In a word, it is “unheimlich.” In this room, no one is in control. Not the least of which the viewer, and especially not the art. This is the key of Majewska’s installation: one feels like a stranger in their own home. The contemporary understanding of the word “Uncanny” comes from Freud’s 1919 essay of the same name. “Unheimlich”, the German, is a play on the word “heimlich”, loosely meaning concealed, secreted. Freud utilizes this word by flipping it on its head in order to evoke “that which is the inverse of familiarity” – an experience which un-conceals that which is uncomfortably familiar. Taken literally, in the sense of an experience being “familial”, one unconsciously experiences the estrangement from ones family, and worse yet, becomes a stranger to ones own self. The scenery of ‘Sky Meadow Road’ is reminiscent of Eden, and it fluctuates between heaven and hell, depending on the thoughts of the viewer. The room is a mirror that allows one to see the world they embody – that of the mind, and the world that embodies them: nature, in all of its horror. It is an interactive, omnipresent game of hide and seek between presence and absence, past and foreboding future. The miraculous thing however, is that the image is not manipulated in a way to purposely do this. This is no form of cheap gadgetry, no optical illusion. There is nothing about the actual properties of the artwork itself that is especially illusory. Instead, the gadgetry is created in the mind of the sitting observer, with each viewer experiencing a different scene as it plays out and unfolds in his or her mind alone.

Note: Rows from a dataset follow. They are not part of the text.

(* Let $B=b_{20}D^2+b_{11}MD+b_{02}M^2+b_{10}D+b_{01}M+b_{00}I$ with $b_{20}\ne0$ and $\Delta_2\ne0$. Then the equation $Bu=0$ has the two linearly independent analytic solutions $u_j(x)=\exp\!\left(-\frac{\mathrm i}{4b_{20}}(b_{11}x^2+2b_{10}x)\right)v_j(x)$, $j=1,2$, where $v_j(x)=w_j\!\left(\left(-\frac{\Delta_2}{4b_{20}^2}\right)^{1/4}\left(x+\frac{\Delta_1}{2\Delta_2}\right)\right)$, $w_1(z)=\mathrm e^{-z^2/2}\Phi\!\left(\frac{1-\lambda}4,\frac12;z^2\right)$, $w_2(z)=\mathrm e^{-z^2/2}z\Phi\!\left(\frac{3-\lambda}4,\frac32;z^2\right)$, and $\lambda=\frac18\left(-\frac{\Delta_2}{b_{20}^2}\right)^{-3/2}\frac{\Delta_1^2-4\Delta_2\Delta_0}{b_{20}^4}$.
   Context: $D=-\mathrm i\,d/dx$, $M$ = multiplication by $x$. $\Delta_2=b_{11}^2-4b_{20}b_{02}$, $\Delta_1=2b_{11}b_{10}-4b_{20}b_{01}$, $\Delta_0=b_{10}^2-4b_{20}b_{00}-2\mathrm i b_{20}b_{11}$. Powers: $z^\mu=\mathrm e^{\mu\log|z|+\mathrm i\mu\operatorname{Arg}z}$ with principal argument $\operatorname{Arg}z\in(-\pi,\pi]$. $\Phi(p,q;z)=\sum_{k\ge0}\frac{(p)_k}{k!(q)_k}z^k$ with $(p)_0=1$, $(p)_k=p(p+1)\cdots(p+k-1)$. *)

theory Defs
  imports "HOL-Analysis.Analysis"
begin

definition kummer :: "complex \<Rightarrow> complex \<Rightarrow> complex \<Rightarrow> complex" where
  "kummer p q z = (\<Sum>k. pochhammer p k / (of_nat (fact k) * pochhammer q k) * z ^ k)"

text \<open>The operator B = b20 D^2 + b11 M D + b02 M^2 + b10 D + b01 M + b00 I
  with D = -i d/dx and M multiplication by x, applied to u at the point x.\<close>
definition Bop :: "complex \<Rightarrow> complex \<Rightarrow> complex \<Rightarrow> complex \<Rightarrow> complex \<Rightarrow> complex
    \<Rightarrow> (complex \<Rightarrow> complex) \<Rightarrow> complex \<Rightarrow> complex" where
  "Bop b20 b11 b02 b10 b01 b00 u x =
     b20 * ((-\<i>) * deriv (\<lambda>y. (-\<i>) * deriv u y) x)
   + b11 * (x * ((-\<i>) * deriv u x))
   + b02 * (x\<^sup>2 * u x)
   + b10 * ((-\<i>) * deriv u x)
   + b01 * (x * u x)
   + b00 * u x"
theorem lemma2p3:
  fixes V0 :: "'a set" and E0 :: "'a set set" and x :: 'a
    and u v :: "nat \<Rightarrow> 'a" and k l :: nat
  assumes G0: "simple_graph V0 E0" "connected_graph V0 E0"
    and x: "x \<in> V0" "degree E0 x \<in> {1, 2}"
    and kl: "k \<ge> 1" "l \<ge> 1"
    and inj_u: "inj_on u {1..k}" and inj_v: "inj_on v {1..l}"
    and disj: "u ` {1..k} \<inter> v ` {1..l} = {}"
              "u ` {1..k} \<inter> V0 = {}" "v ` {1..l} \<inter> V0 = {}"
  defines "E1 \<equiv> E0 \<union> path_edges u k \<union> path_edges v l \<union> {{u 1, x}, {v 1, x}}"
  defines "E2 \<equiv> (E1 - {{u 1, x}}) \<union> {{u 1, v l}}"
  shows "SO E1 > SO E2 \<and> SO_red E1 > SO_red E2"
proof -
  interpret two_pendant_paths V0 E0 x u v k l E1 E2
    using G0(1) x kl inj_u inj_v disj by unfold_locales (simp_all add: E1_def E2_def)
  show ?thesis
    using sombor_index_E2_less[of 0] sombor_index_E2_less[of 1]
    by (simp add: SO_eq_sombor_index SO_red_eq_sombor_index)
qed

end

An additional element of the installation plants an inescapable reminder of nature’s advances on the human: the inclusion of tall vertical tree branches reaching up towards the sky placed worryingly across the floor, directly behind where the viewer sits. The light from the projector delicately brushes the tips of the branches, symbolically completing the phantasmatic dream sequence of the trees portrayed in the video projections, the treetops of which are cut out of the visual frame. This is the intrusion of actuality into the fantasy, like Mother Nature herself; these sticks will remain much longer than you. Nature is not synonymous with paradise, and as psychoanalysis makes us painfully aware, enjoyment is not synonymous with ecstasy; it is both pleasurable and sinister. Jacques Lacan used the word “jouissance” from the French “jouir” (to enjoy) in order to describe this pain + pleasure as being fundamental to an understanding of the essence of desire, worldly desire happens not in the garden of paradise, but on earth.
It is fitting that the title of the exhibition brings to mind ‘À la recherché du temps perdu’; for the dual themes that recur in ‘Digital Madeleine’ resemble those of Proust’s great novel: transience and time. Unfortunately, the English title that is best known for the updated ‘In Search of Lost Time’ is the name given to the original English publication: ‘Remembrance of Things Past’, which misses out on the significance that the word ‘time’ plays in the French version. Fortunately, the name that this exhibition bears corrects this problem, and updates it further still by affixing the signifier “Digital” to it. This is important because names are important. For us human beings, our name gives us an identity, one that we are perhaps never quite comfortable with, but remains with us nonetheless, even if we try and change it. As our lived identity twists and bends as it transforms through the years, our name remains stable, an anchoring point of stability that destroys time by accomplishing something consciousness cannot: permanence. Our names, as well as memory traces, (such as the thought of a piece of madeleine cake dipped into tea) are blissfully ignorant to the absurd misrepresentations of the societal construction we call “time”.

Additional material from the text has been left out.